Under this formulation, upon entering state "A000" there is a reward of +1000 because player B removed the last object, so they lose (and player A wins). Entering state "B000" indicates player A has lost, so player B wins, so there's a reward of -1000.

Testing your program

Under 3-4-5, the computer should always win if it goes first. Similarly for 0-1-2, 1-2-4 and 2-3-4. Under 2-4-6, the computer should always win if it goes second. Similarly for 1-2-3.

Sample output

If you want to make sure your Q-learning is doing the right thing, here are the values your Q-tables should converge to in the long term (after playing, say 100,000 games). Note that playing 100,000 games really shouldn't take more than a minute, if that. On my laptop that is 4+ years old, playing 100,000 games from an initial start state of 3-4-5 takes about 25 seconds.

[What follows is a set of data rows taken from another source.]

lemma PG_point_eq_span:
  assumes P: "P \<in> (PG_points :: ('a::field ^ 'n) set set)" and v: "v \<in> P" "v \<noteq> 0"
  shows "P = vec.span {v}"
proof -
  have "vec.subspace P" and "vec.dim P = 1"
    using P by (auto simp: PG_points_def)
  moreover have "vec.span {v} \<subseteq> P"
    using v \<open>vec.subspace P\<close> by (intro vec.span_minimal) auto
  moreover have "vec.dim (vec.span {v}) = 1"
    using v by simp
  ultimately show ?thesis
    using vec.subspace_dim_equal[OF vec.subspace_span, of P "{v}"] by simp
qed

lemma span_singleton_in_PG_points:
  assumes "(v :: 'a::field ^ 'n) \<noteq> 0"
  shows "vec.span {v} \<in> PG_points"
  using assms by (simp add: PG_points_def vec.subspace_span)

lemma PG_point_has_nonzero:
  assumes "P \<in> (PG_points :: ('a::field ^ 'n) set set)"
  obtains v where "v \<in> P" and "v \<noteq> 0"
proof -
  have "vec.dim P = 1"
    using assms by (simp add: PG_points_def)
  then have "\<not> P \<subseteq> {0}"
    using vec.dim_eq_0[of P] by auto
  then show ?thesis
    using that by auto
qed
lemma units_in_powers:
  assumes inj: "inj (\<lambda>n::nat. p ^ n)"
  shows "units_in (range (\<lambda>n::nat. p ^ n)) = {1}"
proof
  show "units_in (range (\<lambda>n::nat. p ^ n)) \<subseteq> {1}"
  proof
    fix x
    assume "x \<in> units_in (range (\<lambda>n::nat. p ^ n))"
    then obtain a b :: nat where "x = p ^ a" "p ^ (a + b) = p ^ 0"
      by (auto simp: units_in_def power_add)
    then show "x \<in> {1}"
      using injD[OF inj] by fastforce
  qed
  show "{1} \<subseteq> units_in (range (\<lambda>n::nat. p ^ n))"
    using one_in_units_in[OF submonoid_powers] by simp
qed

lemma atom_in_powers_iff:
  assumes inj: "inj (\<lambda>n::nat. p ^ n)"
  shows "atom_in (range (\<lambda>n::nat. p ^ n)) x \<longleftrightarrow> x = p"
proof
  assume at: "atom_in (range (\<lambda>n::nat. p ^ n)) x"
  then obtain k where k: "x = p ^ k"
    by (auto simp: atom_in_def)
  have "k \<noteq> 0"
    using at k units_in_powers[OF inj] by (auto simp: atom_in_def)
  moreover have "\<not> 2 \<le> k"
  proof
    assume "2 \<le> k"
    then have "x = p ^ 1 * p ^ (k - 1)" "p ^ 1 \<noteq> p ^ 0" "p ^ (k - 1) \<noteq> p ^ 0"
      using k injD[OF inj, of 1 0] injD[OF inj, of "k - 1" 0] by (cases k, auto)
    then have "x = p ^ 1 * p ^ (k - 1)" "p ^ 1 \<notin> units_in (range (\<lambda>n::nat. p ^ n))"
        "p ^ (k - 1) \<notin> units_in (range (\<lambda>n::nat. p ^ n))"
      using units_in_powers[OF inj] by auto
    then show False
      using at rangeI unfolding atom_in_def by blast
  qed
  ultimately have "k = 1"
    by simp
  then show "x = p"
    using k by simp
next
  assume x: "x = p"
  have "p \<noteq> 1"
    using injD[OF inj, of 1 0] by auto
  have "p ^ i = 1 \<or> p ^ j = 1" if "p = p ^ i * p ^ j" for i j
  proof -
    have "p ^ 1 = p ^ (i + j)"
      using that by (simp add: power_add)
    then have "i + j = 1"
      using injD[OF inj] by metis
    then show ?thesis
      by (cases i) auto
  qed
  then have "\<forall>a\<in>range (\<lambda>n::nat. p ^ n). \<forall>b\<in>range (\<lambda>n::nat. p ^ n). p = a * b \<longrightarrow> a = 1 \<or> b = 1"
    by auto
  moreover have "p \<in> range (\<lambda>n::nat. p ^ n)"
    using range_eqI[of p "\<lambda>n. p ^ n" 1] by simp
  ultimately show "atom_in (range (\<lambda>n::nat. p ^ n)) x"
    using \<open>p \<noteq> 1\<close> unfolding x atom_in_def units_in_powers[OF inj] by blast
qed

lemma lengths_powers:
  assumes inj: "inj (\<lambda>n::nat. p ^ n)"
  shows "lengths (range (\<lambda>n::nat. p ^ n)) (p ^ n) = {n}"
proof -
  have "lengths (range (\<lambda>n::nat. p ^ n)) (p ^ n)
      = {l. \<exists>us. length us = l \<and> (\<forall>x\<in>set us. x = p) \<and> p ^ n = prod_list us}"
    unfolding lengths_def units_in_powers[OF inj] atom_in_powers_iff[OF inj] by auto
  also have "\<dots> = {n}"
  proof safe
    fix us :: "'a list"
    assume "\<forall>x\<in>set us. x = p" "p ^ n = prod_list us"
    then have "p ^ n = p ^ length us"
      by (metis prod_list_replicate replicate_length_same)
    then show "length us = n"
      using injD[OF inj] by metis
  qed (auto intro: exI[of _ "replicate n p"])
  finally show ?thesis .
qed

lemma half_factorial_powers:
  assumes "inj (\<lambda>n::nat. p ^ n)"
  shows "half_factorial (range (\<lambda>n::nat. p ^ n))"
  using lengths_powers[OF assms] by (auto simp: half_factorial_def)

text \<open>The exponent of \<open>p\<close> in \<open>a\<close> is bounded by \<open>max L(a)\<close>, since \<open>p\<close> is an atom.\<close>
lemma exists_power_times_non_multiple:
  assumes BF: "BF_monoid H" and p: "atom_in H p" and a: "a \<in> H"
  obtains n b where "b \<in> H" "\<not> dvd_in H p b" "a = p ^ n * b"
proof -
  have sm: "submonoid H"
    using BF_monoid_imp_submonoid[OF BF] .
  define N where "N = {n. \<exists>b\<in>H. a = p ^ n * b}"
  have L: "finite (lengths H a)"
    using BF_monoid_lengths[OF BF a] by simp
  have bound: "n \<le> Max (lengths H a)" if n: "n \<in> N" for n
  proof -
    obtain b where b: "b \<in> H" "a = p ^ n * b"
      using n unfolding N_def by auto
    obtain l where "l \<in> lengths H b"
      using BF_monoid_lengths[OF BF b(1)] by auto
    then have "n * 1 + l \<in> lengths H a"
      using lengths_mult[OF sm lengths_power[OF sm one_in_lengths_atom[OF sm p]]] b(2) by blast
    then show ?thesis
      using Max_ge[OF L] by fastforce
  qed
  then have "finite N"
    by (meson finite_nat_set_iff_bounded_le)
  moreover have "0 \<in> N"
    using a unfolding N_def by auto
  ultimately have "Max N \<in> N"
    using Max_in by blast
  then obtain b where b: "b \<in> H" "a = p ^ Max N * b"
    unfolding N_def by blast
  have "\<not> dvd_in H p b"
  proof
    assume "dvd_in H p b"
    then obtain c where "c \<in> H" "a = p ^ Suc (Max N) * c"
      using b by (auto simp: dvd_in_def ac_simps)
    then have "Suc (Max N) \<in> N"
      unfolding N_def by blast
    then show False
      using Max_ge[OF \<open>finite N\<close>] by fastforce
  qed
  then show ?thesis
    using that b by blast
qed

lemma cancellative_in_power:
  assumes "submonoid H" "cancellative_in H p" "b \<in> H" "c \<in> H" "p ^ n * b = p ^ n * c"
  shows "b = c"
  using assms(5)
proof (induction n)
  case (Suc n)
  have "p * (p ^ n * b) = p * (p ^ n * c)"
    using Suc.prems by (simp add: mult.assoc)
  moreover have "p ^ n * b \<in> H" "p ^ n * c \<in> H"
    using assms(1,3,4) power_in_submonoid[OF assms(1), of p n] assms(2)
    by (auto simp: cancellative_in_def submonoid_def)
  ultimately show ?case
    using Suc.IH assms(2) by (auto simp: cancellative_in_def)
qed simp

lemma power_times_non_multiple_unique:
  assumes sm: "submonoid H" and p: "cancellative_in H p"
    and b: "b \<in> H" "\<not> dvd_in H p b" and b': "b' \<in> H" "\<not> dvd_in H p b'"
    and eq: "p ^ n * b = p ^ m * b'"
  shows "n = m \<and> b = b'"
proof -
  have le: "n = m \<and> b = b'"
    if "n \<le> m" "b \<in> H" "b' \<in> H" "\<not> dvd_in H p b" "p ^ n * b = p ^ m * b'" for n m b b'
  proof -
    have "p ^ n * b = p ^ n * (p ^ (m - n) * b')"
      using that(1,5) by (metis mult.assoc power_add le_add_diff_inverse)
    moreover have "p ^ (m - n) * b' \<in> H"
      using power_in_submonoid[OF sm, of p "m - n"] that(3) sm p
      by (auto simp: cancellative_in_def submonoid_def)
    ultimately have b: "b = p ^ (m - n) * b'"
      using cancellative_in_power[OF sm p that(2)] by blast
    have "m - n = 0"
    proof (rule ccontr)
      assume "m - n \<noteq> 0"
      then have "b = p * (p ^ (m - n - 1) * b')"
        using b by (cases "m - n") (auto simp: mult.assoc)
      moreover have "p ^ (m - n - 1) * b' \<in> H"
        using power_in_submonoid[OF sm] p that(3) sm by (auto simp: cancellative_in_def submonoid_def)
      ultimately show False
        using that(4) unfolding dvd_in_def by blast
    qed
    then show ?thesis
      using b that(1) by simp
  qed
  show ?thesis
    using le[of n m b b'] le[of m n b' b] assms by (cases "n \<le> m") auto
qed

lemma cond_a_prime_powers:
  assumes BF: "BF_monoid H" and prime: "prime_in H p" and canc: "cancellative_in H p"
  shows "cond_a H (range (\<lambda>n::nat. p ^ n)) {a \<in> H. \<not> dvd_in H p a}"
proof -
  let ?H1 = "range (\<lambda>n::nat. p ^ n)" and ?H2 = "{a \<in> H. \<not> dvd_in H p a}"
  have sm: "submonoid H" and S: "monoid_in H"
    using BF by (auto simp: BF_monoid_def monoid_in_def)
  have pH: "p \<in> H" and pnu: "p \<notin> units_in H"
    using prime by (auto simp: prime_in_def)
  have inj: "inj (\<lambda>n::nat. p ^ n)"
    using inj_power_if_not_unit[OF S pH pnu] .
  have "\<not> dvd_in H p 1"
    using pH pnu by (auto simp: dvd_in_def units_in_def)
  then have "submonoid ?H2"
    using sm prime unfolding submonoid_def prime_in_def by auto
  moreover have H1_subset: "?H1 \<subseteq> H"
    using power_in_submonoid[OF sm pH] by auto
  moreover have "inj_on (\<lambda>(a, b). a * b) (?H1 \<times> ?H2)"
    using power_times_non_multiple_unique[OF sm canc] by (auto intro!: inj_onI)
  moreover have "(\<lambda>(a, b). a * b) ` (?H1 \<times> ?H2) = H"
  proof
    show "(\<lambda>(a, b). a * b) ` (?H1 \<times> ?H2) \<subseteq> H"
      using H1_subset sm by (auto simp: submonoid_def)
    show "H \<subseteq> (\<lambda>(a, b). a * b) ` (?H1 \<times> ?H2)"
    proof
      fix a
      assume "a \<in> H"
      then obtain n b where "b \<in> H" "\<not> dvd_in H p b" "a = p ^ n * b"
        using exists_power_times_non_multiple[OF BF prime_in_imp_atom_in[OF S prime]] by blast
      then show "a \<in> (\<lambda>(a, b). a * b) ` (?H1 \<times> ?H2)"
        by (auto intro!: image_eqI[of _ _ "(p ^ n, b)"])
    qed
  qed
  moreover have "p \<in> ?H1 - units_in ?H1"
    using range_eqI[of p "\<lambda>n. p ^ n" 1] injD[OF inj, of 1 0] units_in_powers[OF inj] by auto
  ultimately show ?thesis
    unfolding cond_a_def internal_direct_product_def bij_betw_def
    using submonoid_powers half_factorial_powers[OF inj] by blast
qed

theorem proposition3p2:
  fixes H :: "'a::comm_monoid_mult set"
  assumes "BF_monoid H"
  shows "(\<forall>p. prime_in H p \<and> cancellative_in H p \<longrightarrow>
            cond_a H (range (\<lambda>n::nat. p ^ n)) {a \<in> H. \<not> dvd_in H p a})
       \<and> (accepted_elasticity H \<longrightarrow> cond_b H)
       \<and> ((\<exists>H1 H2. cond_a H H1 H2) \<and> cond_b H \<longrightarrow> fully_elastic H)
       \<and> ((\<exists>H1 H2. cond_a H H1 H2 \<and> cond_b' H2) \<longrightarrow> fully_elastic H)"
  using cond_a_prime_powers[OF assms] accepted_elasticity_imp_cond_b[OF assms]
    fully_elastic_if_cond_a_cond_b[OF assms] fully_elastic_if_cond_a_cond_b'[OF assms]
  by blast

end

For the 0-1-2 game (we did this by hand in class on 11/29), the values your program should converge to are:

Q[A001, 21] = -1000.0
Q[A010, 11] = -1000.0
Q[A012, 11] = -810.0
Q[A012, 21] = -810.0
Q[A012, 22] = 900.0
Q[B002, 21] = -900.0
Q[B002, 22] = 1000.0
Q[B010, 11] = 1000.0
Q[B011, 11] = -900.0
Q[B011, 21] = -900.0

For the 1-2-3 game, the values your program should converge to are:

Q[A001, 21] = -1000.0
Q[A002, 21] = 900.0
Q[A002, 22] = -1000.0
Q[A003, 21] = -810.0
Q[A003, 22] = 900.0
Q[A003, 23] = -1000.0
Q[A010, 11] = -1000.0
Q[A011, 11] = 900.0
Q[A011, 21] = 900.0
Q[A013, 11] = -810.0
Q[A013, 21] = -810.0
Q[A013, 22] = -810.0
Q[A013, 23] = 900.0
Q[A020, 11] = 900.0
Q[A020, 12] = -1000.0
Q[A021, 11] = -810.0
Q[A021, 12] = 900.0
Q[A021, 21] = -810.0
Q[A022, 11] = -810.0
Q[A022, 12] = -810.0
Q[A022, 21] = -810.0
Q[A022, 22] = -810.0
Q[A100, 01] = -1000.0
Q[A101, 01] = 900.0
Q[A101, 21] = 900.0
Q[A102, 01] = -810.0
Q[A102, 21] = -810.0
Q[A102, 22] = 900.0
Q[A103, 01] = -810.0
Q[A103, 21] = -810.0
Q[A103, 22] = -810.0
Q[A103, 23] = 900.0
Q[A110, 01] = 900.0
Q[A110, 11] = 900.0
Q[A111, 01] = -810.0
Q[A111, 11] = -810.0
Q[A111, 21] = -810.0
Q[A112, 01] = -810.0
Q[A112, 11] = -810.0
Q[A112, 21] = 729.0
Q[A112, 22] = -810.0
Q[A120, 01] = -810.0
Q[A120, 11] = -810.0
Q[A120, 12] = 900.0
Q[A121, 01] = -810.0
Q[A121, 11] = 729.0
Q[A121, 12] = -810.0
Q[A121, 21] = -810.0
Q[A123, 01] = -656.1
Q[A123, 11] = -656.1
Q[A123, 12] = -810.0
Q[A123, 21] = -656.1
Q[A123, 22] = -656.1
Q[A123, 23] = -810.0
Q[B001, 21] = 1000.0
Q[B002, 21] = -900.0
Q[B002, 22] = 1000.0
Q[B003, 21] = 810.0
Q[B003, 22] = -900.0
Q[B003, 23] = 1000.0
Q[B010, 11] = 1000.0
Q[B011, 11] = -900.0
Q[B011, 21] = -900.0
Q[B012, 11] = 810.0
Q[B012, 21] = 810.0
Q[B012, 22] = -900.0
Q[B020, 11] = -900.0
Q[B020, 12] = 1000.0
Q[B021, 11] = 810.0
Q[B021, 12] = -900.0
Q[B021, 21] = 810.0
Q[B023, 11] = 810.0
Q[B023, 12] = 810.0
Q[B023, 21] = -729.0
Q[B023, 22] = 810.0
Q[B023, 23] = 810.0
Q[B100, 01] = 1000.0
Q[B101, 01] = -900.0
Q[B101, 21] = -900.0
Q[B102, 01] = 810.0
Q[B102, 21] = 810.0
Q[B102, 22] = -900.0
Q[B103, 01] = 810.0
Q[B103, 21] = 810.0
Q[B103, 22] = 810.0
Q[B103, 23] = -900.0
Q[B110, 01] = -900.0
Q[B110, 11] = -900.0
Q[B111, 01] = 810.0
Q[B111, 11] = 810.0
Q[B111, 21] = 810.0
Q[B113, 01] = 810.0
Q[B113, 11] = 810.0
Q[B113, 21] = 656.1
Q[B113, 22] = -729.0
Q[B113, 23] = 810.0
Q[B120, 01] = 810.0
Q[B120, 11] = 810.0
Q[B120, 12] = -900.0
Q[B121, 01] = 810.0
Q[B121, 11] = -729.0
Q[B121, 12] = 810.0
Q[B121, 21] = 810.0
Q[B122, 01] = -729.0
Q[B122, 11] = 656.1
Q[B122, 12] = 810.0
Q[B122, 21] = 656.1
Q[B122, 22] = 810.0

Notice how for the start state, A123, the first player (player A) has no Q-values with positive expected rewards. This means that the whoever goes first will lose, assuming player B plays perfectly. (Hence, the computer should win if allowed to go second.)